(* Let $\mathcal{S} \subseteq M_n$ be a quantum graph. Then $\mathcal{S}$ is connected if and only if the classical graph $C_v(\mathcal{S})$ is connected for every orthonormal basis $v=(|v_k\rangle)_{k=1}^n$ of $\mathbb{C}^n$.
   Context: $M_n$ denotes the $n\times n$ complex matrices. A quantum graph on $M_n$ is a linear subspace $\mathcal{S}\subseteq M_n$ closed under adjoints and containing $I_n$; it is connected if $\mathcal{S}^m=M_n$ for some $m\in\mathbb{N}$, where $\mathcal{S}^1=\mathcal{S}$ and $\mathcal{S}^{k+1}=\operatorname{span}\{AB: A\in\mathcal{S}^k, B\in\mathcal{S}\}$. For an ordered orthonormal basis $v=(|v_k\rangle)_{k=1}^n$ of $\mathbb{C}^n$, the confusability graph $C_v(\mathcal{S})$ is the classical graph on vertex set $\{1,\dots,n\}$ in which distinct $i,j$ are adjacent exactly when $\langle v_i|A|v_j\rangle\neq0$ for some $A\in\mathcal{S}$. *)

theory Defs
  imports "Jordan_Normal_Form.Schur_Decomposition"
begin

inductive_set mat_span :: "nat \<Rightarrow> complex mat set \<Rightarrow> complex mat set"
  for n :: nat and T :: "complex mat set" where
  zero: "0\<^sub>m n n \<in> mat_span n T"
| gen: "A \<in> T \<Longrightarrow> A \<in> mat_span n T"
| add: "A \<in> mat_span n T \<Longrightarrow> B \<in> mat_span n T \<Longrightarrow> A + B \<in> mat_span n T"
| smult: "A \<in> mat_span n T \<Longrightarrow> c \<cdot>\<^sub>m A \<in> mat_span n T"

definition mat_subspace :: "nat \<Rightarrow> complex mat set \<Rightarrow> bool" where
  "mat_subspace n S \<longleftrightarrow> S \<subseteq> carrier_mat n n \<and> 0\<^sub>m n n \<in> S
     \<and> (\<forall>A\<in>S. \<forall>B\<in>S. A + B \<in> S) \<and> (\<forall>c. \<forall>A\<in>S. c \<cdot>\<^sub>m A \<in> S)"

.....

ACTION ITEM:
Out of the data above, set down the lines from the one with "n \<in> mat_span" to the one with "T \<Longrightarrow> B", both included, exactly as written and with no additions.

RESULT:
  zero: "0\<^sub>m n n \<in> mat_span n T"
| gen: "A \<in> T \<Longrightarrow> A \<in> mat_span n T"
| add: "A \<in> mat_span n T \<Longrightarrow> B \<in> mat_span n T \<Longrightarrow> A + B \<in> mat_span n T"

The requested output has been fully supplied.